Metal Markets
Gold prices edge 0.3 percent higher to $4,533 after five-week low, oil inflation caps gains
Gold prices ticked higher Tuesday recovering from Monday’s five-week trough, though advances remained constrained as persistent high crude oil levels sustained inflation concerns and muddied U.S. interest rate expectations.
Spot gold climbed 0.26 percent to $4,535.59 per ounce as of 10:27 UAE time, following over 2 percent Monday decline. U.S. gold futures for June delivery nudged 0.31 percent higher to $4,547.41.
In the UAE, gold rates edged higher today. 24-carat gold rose AED0.25 to AED546.25, matching gains in 22-carat (AED505.75), 21-carat (AED485.00), and 14-carat (AED324.25). Meanwhile, 18-carat gold held steady at AED415.50.
Dollar strengthened while Brent crude held above $113 per barrel amid ongoing U.S.-Iran truce efforts punctuated by Strait of Hormuz confrontations. Stronger dollar elevates dollar-denominated metals costs for non-U.S. currency holders.
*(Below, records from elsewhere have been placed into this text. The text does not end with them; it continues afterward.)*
definition eprime :: "'b slabel \<Rightarrow> 'b slabel set \<Rightarrow> ('v, 'e, 'b) lgraph list
    \<Rightarrow> nat \<times> 'e \<Rightarrow> nat \<times> (('e \<times> nat) \<times> bool) set" where
  "eprime b A Gs ie = (case ie of (i, e) \<Rightarrow>
     (i, qedge (subdiv (whw b A) (Gs ! i)) (e, cidx b A (lab (Gs ! i) e))))"

end

theory Submission
  imports Defs
begin

(* Let G be a tight core graph and T = tight(alpha G). Folding alpha G can be described
  explicitly: the vertices of G survive, and the subdivision vertex reached from v by a letter
  b is identified with the other end of the b-edge of G at v if there is one (unique by
  tightness), and otherwise with a new vertex. Tagging vertices and subedges of alpha G
  accordingly, every folding step preserves the tags. Hence no two subedges carrying letters
  c <> b^{+-1} are ever identified, and every edge of T with such a label comes from G.

  For e' to lie in the core, take an immersed loop of G through e and cut it into blocks
  c r c', where r is a run of b-edges. Lift each block to the image of c followed by a
  "bridge": the letters b^{+-1} that alpha adds at the end of c and at the start of c' cancel
  against the first edge of r or against each other, and the remaining path does not
  backtrack in T, since the tags of consecutive edges differ. This gives an immersed loop of
  T through e'. *)

lemma linv_linv [simp]: "linv (linv x) = x" by (simp add: linv_def)
lemma fst_linv [simp]: "fst (linv x) = fst x" by (simp add: linv_def)
lemma linv_neq [simp]: "linv x \<noteq> x" "x \<noteq> linv x" by (auto simp: linv_def prod_eq_iff)
lemma linv_inject [simp]: "linv x = linv y \<longleftrightarrow> x = y" by (auto simp: linv_def prod_eq_iff)

lemma fst_eq_cases: "fst x = fst y \<Longrightarrow> x = y \<or> x = linv y"
  by (cases x; cases y) (auto simp: linv_def)

lemma oinv_oinv [simp]: "oinv (oinv x) = x" by (simp add: oinv_def)
lemma oinit_oinv [simp]: "oinit G (oinv x) = oterm G x" by (simp add: oinit_def oterm_def oinv_def)
lemma oterm_oinv [simp]: "oterm G (oinv x) = oinit G x" by (simp add: oinit_def oterm_def oinv_def)
lemma olab_oinv [simp]: "olab G (oinv x) = linv (olab G x)" by (simp add: olab_def oinv_def)
lemma oinv_in_oedges [simp]: "oinv x \<in> oedges G \<longleftrightarrow> x \<in> oedges G"
  by (cases x) (simp add: oedges_def oinv_def)
lemma oinv_inject [simp]: "oinv x = oinv y \<longleftrightarrow> x = y" by (auto simp: oinv_def prod_eq_iff)
lemma fst_oinv [simp]: "fst (oinv x) = fst x" by (simp add: oinv_def)
lemma snd_oinv [simp]: "snd (oinv x) = (\<not> snd x)" by (simp add: oinv_def)
lemma fst_olab: "fst (olab G x) = fst (lab G (fst x))" by (simp add: olab_def)

lemma whw_non_b: "fst x \<noteq> fst b \<Longrightarrow> whw b A x =
   (if x \<in> A then [b] else []) @ [x] @ (if linv x \<in> A then [linv b] else [])"
  by (simp add: whw_def)

lemma whw_b: "fst x = fst b \<Longrightarrow> whw b A x = [x]"
  by (simp add: whw_def)

lemma whw_letter_unique:
  assumes "fst x \<noteq> fst b"
  shows "\<exists>!k. k < length (whw b A x) \<and> fst (whw b A x ! k) = fst x"
proof (rule ex1I)
  show "(if x \<in> A then 1 else 0) < length (whw b A x) \<and>
      fst (whw b A x ! (if x \<in> A then 1 else 0)) = fst x"
    using assms by (simp add: whw_non_b nth_append)
next
  fix k assume "k < length (whw b A x) \<and> fst (whw b A x ! k) = fst x"
  then show "k = (if x \<in> A then 1 else 0)"
    using assms by (auto simp: whw_non_b nth_append nth_Cons' split: if_splits)
qed

lemma cidx_eq: "fst x \<noteq> fst b \<Longrightarrow> cidx b A x = (if x \<in> A then 1 else 0)"
  unfolding cidx_def
  by (rule the1_equality[OF whw_letter_unique]) (auto simp: whw_non_b nth_append)

lemma length_whw: "fst x \<noteq> fst b \<Longrightarrow>
    length (whw b A x) = Suc (cidx b A x + (if linv x \<in> A then 1 else 0))"
  by (simp add: whw_non_b cidx_eq)

lemma whw_nth_cidx: "fst x \<noteq> fst b \<Longrightarrow> whw b A x ! cidx b A x = x"
  by (simp add: whw_non_b cidx_eq nth_append)

lemma whw_nth_other: "fst x \<noteq> fst b \<Longrightarrow> k < length (whw b A x) \<Longrightarrow> k \<noteq> cidx b A x \<Longrightarrow>
   (k = 0 \<and> x \<in> A \<and> whw b A x ! k = b) \<or>
   (k = Suc (cidx b A x) \<and> linv x \<in> A \<and> whw b A x ! k = linv b)"
  by (auto simp: whw_non_b cidx_eq nth_append split: if_splits)

lemma fst_whw_nth_non_b: "fst x \<noteq> fst b \<Longrightarrow> k < length (whw b A x) \<Longrightarrow>
   fst (whw b A x ! k) \<noteq> fst b \<longleftrightarrow> k = cidx b A x"
  using whw_nth_other[of x b k A] whw_nth_cidx[of x b A] by (cases "k = cidx b A x") auto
Elevated oil prices fuel inflation pressures potentially prompting higher interest rates. Gold serves as inflation hedge yet elevated rates boost appeal of yield-bearing alternatives, curbing non-yielding metal attractiveness.
Traders now dismiss U.S. rate cuts this year, pricing 37 percent March 2027 hike probability versus 27 percent cut odds one week prior.
Key U.S. data awaited this week spans job openings, ADP employment report, and April payrolls.
Spot silver fell 0.34 percent to $72.77 per ounce, platinum advanced 0.95 percent to $1,974.65, and palladium gained 0.32 percent to $1,500.00.